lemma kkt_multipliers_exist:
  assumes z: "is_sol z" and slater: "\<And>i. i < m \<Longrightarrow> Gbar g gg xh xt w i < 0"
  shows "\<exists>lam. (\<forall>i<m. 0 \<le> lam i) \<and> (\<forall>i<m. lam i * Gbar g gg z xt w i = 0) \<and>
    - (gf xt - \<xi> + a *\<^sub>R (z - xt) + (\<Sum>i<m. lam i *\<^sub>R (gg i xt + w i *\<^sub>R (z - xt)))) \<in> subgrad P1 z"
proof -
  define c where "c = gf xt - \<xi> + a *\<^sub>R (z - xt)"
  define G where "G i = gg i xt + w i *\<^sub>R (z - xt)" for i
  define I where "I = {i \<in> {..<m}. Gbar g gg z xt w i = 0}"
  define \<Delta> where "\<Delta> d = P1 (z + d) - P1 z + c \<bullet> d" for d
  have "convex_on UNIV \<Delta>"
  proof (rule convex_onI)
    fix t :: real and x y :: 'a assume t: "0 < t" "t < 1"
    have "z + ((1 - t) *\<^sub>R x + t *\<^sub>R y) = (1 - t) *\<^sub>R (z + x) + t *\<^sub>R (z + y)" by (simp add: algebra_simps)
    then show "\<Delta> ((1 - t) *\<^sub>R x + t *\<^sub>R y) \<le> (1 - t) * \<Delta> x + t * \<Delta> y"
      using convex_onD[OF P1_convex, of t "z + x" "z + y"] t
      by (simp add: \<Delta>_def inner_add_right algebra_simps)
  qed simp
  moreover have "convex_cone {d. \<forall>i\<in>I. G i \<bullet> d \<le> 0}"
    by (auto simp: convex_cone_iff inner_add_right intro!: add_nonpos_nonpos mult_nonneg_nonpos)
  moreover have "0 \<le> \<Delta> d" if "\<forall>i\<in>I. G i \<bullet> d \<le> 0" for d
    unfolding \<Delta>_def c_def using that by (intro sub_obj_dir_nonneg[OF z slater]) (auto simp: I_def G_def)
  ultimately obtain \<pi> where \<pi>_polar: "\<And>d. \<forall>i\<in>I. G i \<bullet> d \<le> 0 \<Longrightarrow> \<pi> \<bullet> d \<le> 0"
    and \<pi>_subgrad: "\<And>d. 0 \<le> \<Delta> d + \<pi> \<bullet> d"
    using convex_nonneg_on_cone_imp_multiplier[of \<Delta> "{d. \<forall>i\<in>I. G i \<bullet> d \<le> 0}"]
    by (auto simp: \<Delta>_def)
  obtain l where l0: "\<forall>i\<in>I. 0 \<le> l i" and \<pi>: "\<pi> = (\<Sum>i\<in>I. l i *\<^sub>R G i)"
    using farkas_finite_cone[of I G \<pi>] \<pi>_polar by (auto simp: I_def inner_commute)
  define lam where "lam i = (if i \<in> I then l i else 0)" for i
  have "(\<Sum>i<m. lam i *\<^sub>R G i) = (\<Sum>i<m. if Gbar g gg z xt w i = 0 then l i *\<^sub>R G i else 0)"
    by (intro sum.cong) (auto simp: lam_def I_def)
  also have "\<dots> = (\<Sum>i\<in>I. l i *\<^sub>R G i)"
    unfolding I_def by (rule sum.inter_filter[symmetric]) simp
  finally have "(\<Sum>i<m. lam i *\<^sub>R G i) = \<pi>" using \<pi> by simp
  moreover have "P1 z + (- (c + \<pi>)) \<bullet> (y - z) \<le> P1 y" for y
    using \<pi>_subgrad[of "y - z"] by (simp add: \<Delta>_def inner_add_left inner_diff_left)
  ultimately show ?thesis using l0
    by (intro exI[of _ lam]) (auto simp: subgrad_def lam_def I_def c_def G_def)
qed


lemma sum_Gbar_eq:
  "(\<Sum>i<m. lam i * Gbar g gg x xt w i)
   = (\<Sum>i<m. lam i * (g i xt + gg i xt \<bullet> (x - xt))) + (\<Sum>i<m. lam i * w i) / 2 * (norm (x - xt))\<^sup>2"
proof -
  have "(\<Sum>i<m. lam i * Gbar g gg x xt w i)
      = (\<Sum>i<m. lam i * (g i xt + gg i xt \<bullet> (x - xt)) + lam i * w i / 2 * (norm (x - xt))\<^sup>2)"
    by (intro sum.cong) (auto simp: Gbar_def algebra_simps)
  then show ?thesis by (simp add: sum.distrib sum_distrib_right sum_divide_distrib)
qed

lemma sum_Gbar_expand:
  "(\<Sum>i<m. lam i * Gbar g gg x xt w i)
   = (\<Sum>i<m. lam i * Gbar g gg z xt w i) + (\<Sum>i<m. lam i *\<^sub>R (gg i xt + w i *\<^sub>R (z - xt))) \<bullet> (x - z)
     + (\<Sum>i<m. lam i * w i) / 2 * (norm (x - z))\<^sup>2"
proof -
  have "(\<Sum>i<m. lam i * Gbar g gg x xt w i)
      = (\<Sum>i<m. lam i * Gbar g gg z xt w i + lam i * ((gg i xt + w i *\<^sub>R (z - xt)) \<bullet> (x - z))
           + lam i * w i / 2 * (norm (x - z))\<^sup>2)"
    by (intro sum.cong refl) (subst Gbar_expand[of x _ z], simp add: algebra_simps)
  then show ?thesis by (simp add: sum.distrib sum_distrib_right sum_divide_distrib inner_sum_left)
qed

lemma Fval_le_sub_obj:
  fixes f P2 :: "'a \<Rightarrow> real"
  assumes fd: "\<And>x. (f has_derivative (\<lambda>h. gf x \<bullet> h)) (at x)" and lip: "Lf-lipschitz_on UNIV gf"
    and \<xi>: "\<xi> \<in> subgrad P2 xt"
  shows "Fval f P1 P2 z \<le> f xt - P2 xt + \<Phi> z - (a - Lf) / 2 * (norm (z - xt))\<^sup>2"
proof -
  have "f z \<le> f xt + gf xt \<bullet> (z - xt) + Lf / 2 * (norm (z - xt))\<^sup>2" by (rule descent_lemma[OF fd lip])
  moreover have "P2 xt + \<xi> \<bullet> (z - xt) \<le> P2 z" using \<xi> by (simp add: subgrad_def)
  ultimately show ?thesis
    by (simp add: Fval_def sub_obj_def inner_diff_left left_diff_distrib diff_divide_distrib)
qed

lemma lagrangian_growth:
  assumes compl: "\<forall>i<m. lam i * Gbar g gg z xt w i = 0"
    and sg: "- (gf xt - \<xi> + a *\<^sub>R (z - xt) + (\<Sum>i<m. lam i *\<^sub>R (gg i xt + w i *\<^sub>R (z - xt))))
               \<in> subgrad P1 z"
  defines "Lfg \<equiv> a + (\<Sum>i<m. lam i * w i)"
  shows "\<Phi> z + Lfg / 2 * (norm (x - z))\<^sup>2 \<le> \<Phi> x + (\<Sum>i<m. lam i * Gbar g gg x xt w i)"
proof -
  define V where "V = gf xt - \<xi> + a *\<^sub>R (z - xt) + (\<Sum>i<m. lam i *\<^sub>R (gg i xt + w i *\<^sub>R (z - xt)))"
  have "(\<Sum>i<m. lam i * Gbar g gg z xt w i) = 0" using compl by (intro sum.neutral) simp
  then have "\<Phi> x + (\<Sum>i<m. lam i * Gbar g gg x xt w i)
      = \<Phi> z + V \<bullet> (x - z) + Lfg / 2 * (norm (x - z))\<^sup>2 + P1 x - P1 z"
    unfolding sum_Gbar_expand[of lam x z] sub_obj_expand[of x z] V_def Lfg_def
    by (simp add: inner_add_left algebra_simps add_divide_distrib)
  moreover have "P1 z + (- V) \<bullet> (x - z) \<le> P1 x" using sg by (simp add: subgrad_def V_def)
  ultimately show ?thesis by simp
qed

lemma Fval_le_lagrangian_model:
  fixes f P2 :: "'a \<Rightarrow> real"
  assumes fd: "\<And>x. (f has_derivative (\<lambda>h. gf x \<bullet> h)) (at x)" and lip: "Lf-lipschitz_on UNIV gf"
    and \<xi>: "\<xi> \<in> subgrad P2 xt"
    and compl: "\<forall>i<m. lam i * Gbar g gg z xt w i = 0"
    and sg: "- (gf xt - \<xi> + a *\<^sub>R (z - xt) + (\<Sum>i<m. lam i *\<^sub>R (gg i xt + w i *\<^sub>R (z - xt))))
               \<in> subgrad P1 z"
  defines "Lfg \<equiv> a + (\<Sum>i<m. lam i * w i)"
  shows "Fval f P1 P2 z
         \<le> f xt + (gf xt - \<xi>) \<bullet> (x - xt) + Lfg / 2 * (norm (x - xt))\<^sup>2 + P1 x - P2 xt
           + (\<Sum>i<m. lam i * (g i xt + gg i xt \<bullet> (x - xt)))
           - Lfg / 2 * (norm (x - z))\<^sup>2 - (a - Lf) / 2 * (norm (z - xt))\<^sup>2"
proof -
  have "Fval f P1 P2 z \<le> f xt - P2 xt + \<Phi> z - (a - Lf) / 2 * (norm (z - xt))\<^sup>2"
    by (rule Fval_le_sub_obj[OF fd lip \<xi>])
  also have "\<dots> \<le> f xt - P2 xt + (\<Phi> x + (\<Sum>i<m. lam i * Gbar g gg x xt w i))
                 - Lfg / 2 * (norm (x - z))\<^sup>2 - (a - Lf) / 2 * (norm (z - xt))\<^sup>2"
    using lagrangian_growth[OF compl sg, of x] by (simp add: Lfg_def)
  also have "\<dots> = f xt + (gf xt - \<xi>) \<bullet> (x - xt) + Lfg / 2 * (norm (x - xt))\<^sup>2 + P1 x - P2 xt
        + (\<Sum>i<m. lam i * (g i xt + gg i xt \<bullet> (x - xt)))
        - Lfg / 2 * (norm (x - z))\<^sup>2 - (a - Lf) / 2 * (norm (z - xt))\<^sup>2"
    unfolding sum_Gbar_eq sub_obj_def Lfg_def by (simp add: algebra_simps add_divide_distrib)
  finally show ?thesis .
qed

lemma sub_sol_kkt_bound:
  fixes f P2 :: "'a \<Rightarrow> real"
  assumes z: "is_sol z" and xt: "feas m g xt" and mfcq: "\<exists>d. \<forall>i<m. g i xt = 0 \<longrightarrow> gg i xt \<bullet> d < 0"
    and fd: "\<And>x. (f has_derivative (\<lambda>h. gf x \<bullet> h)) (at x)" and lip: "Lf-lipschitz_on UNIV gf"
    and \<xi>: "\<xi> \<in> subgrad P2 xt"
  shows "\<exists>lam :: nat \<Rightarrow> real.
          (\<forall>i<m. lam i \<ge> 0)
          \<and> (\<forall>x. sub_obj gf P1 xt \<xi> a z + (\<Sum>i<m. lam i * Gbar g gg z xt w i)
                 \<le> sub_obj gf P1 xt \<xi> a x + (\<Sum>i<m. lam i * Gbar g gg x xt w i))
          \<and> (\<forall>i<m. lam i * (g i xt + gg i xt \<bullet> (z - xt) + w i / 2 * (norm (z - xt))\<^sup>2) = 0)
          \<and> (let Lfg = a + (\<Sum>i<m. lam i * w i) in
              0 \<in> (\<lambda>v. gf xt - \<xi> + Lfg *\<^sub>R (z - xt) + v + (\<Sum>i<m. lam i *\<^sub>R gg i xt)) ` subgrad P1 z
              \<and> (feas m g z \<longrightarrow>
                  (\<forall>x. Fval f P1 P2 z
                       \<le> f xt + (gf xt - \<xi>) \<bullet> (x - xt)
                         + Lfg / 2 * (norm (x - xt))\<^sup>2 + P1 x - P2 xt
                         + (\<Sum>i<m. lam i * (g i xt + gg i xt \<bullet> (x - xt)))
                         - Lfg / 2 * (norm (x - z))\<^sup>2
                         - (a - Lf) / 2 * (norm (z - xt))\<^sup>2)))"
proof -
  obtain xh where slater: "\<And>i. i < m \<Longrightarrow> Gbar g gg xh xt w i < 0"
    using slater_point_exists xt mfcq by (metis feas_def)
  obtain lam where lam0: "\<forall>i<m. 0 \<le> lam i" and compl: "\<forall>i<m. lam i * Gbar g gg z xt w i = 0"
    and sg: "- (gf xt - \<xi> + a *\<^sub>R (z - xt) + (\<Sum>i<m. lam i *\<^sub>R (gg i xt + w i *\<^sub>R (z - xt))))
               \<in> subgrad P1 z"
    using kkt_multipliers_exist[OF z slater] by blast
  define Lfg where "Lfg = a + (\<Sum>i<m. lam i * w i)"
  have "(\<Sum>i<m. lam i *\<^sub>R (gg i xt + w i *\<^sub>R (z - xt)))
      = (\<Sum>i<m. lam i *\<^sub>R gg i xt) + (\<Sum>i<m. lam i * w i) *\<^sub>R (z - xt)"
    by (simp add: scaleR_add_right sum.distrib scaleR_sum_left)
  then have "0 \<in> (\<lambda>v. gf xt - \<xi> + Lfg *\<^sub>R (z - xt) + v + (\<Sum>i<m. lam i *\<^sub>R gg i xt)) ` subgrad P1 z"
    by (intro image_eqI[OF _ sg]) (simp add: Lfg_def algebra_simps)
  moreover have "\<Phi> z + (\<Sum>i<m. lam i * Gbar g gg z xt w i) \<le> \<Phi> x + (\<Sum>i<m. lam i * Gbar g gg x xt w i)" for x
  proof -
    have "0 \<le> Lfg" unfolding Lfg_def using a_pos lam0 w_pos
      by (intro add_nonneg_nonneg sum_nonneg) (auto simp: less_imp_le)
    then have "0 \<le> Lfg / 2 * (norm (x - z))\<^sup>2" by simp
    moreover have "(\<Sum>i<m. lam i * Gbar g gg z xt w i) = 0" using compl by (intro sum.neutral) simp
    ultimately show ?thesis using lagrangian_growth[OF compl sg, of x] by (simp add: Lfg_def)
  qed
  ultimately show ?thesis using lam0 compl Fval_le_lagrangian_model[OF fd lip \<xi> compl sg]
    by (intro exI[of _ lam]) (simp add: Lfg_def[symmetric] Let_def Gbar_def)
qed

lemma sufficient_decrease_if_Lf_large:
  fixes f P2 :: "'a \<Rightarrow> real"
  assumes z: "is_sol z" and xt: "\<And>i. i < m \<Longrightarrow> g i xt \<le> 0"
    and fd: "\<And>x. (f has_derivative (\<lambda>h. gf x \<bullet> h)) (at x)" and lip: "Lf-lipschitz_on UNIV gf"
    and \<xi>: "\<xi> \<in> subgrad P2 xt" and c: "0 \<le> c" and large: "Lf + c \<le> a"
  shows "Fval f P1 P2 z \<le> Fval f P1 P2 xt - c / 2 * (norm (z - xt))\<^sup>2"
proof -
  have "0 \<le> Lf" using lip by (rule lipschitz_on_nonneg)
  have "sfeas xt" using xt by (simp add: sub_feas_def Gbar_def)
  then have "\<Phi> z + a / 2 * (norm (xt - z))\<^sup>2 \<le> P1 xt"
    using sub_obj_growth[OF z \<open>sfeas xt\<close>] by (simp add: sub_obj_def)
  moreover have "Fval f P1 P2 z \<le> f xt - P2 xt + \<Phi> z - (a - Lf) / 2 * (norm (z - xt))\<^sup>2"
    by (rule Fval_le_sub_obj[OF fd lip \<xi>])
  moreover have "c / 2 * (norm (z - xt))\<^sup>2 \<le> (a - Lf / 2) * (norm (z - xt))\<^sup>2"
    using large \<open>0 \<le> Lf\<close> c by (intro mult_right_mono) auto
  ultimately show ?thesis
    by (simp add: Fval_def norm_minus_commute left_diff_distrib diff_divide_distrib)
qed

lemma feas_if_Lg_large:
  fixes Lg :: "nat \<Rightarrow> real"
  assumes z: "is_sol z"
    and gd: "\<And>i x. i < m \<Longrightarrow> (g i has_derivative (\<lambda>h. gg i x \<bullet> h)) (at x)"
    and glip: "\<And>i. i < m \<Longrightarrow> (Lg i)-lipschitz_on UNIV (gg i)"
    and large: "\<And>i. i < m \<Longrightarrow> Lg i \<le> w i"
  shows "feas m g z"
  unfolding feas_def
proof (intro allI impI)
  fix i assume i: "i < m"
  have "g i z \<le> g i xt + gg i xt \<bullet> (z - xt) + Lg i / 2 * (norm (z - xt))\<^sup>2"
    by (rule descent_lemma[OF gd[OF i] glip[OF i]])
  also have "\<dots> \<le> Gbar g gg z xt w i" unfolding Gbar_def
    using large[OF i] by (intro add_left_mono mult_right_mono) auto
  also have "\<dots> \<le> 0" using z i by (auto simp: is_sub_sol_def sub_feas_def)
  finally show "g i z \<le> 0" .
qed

----------------

What to do>
For every line in the entries above that contains "sfeas", add one to a count, and give that number by itself.

Response>
2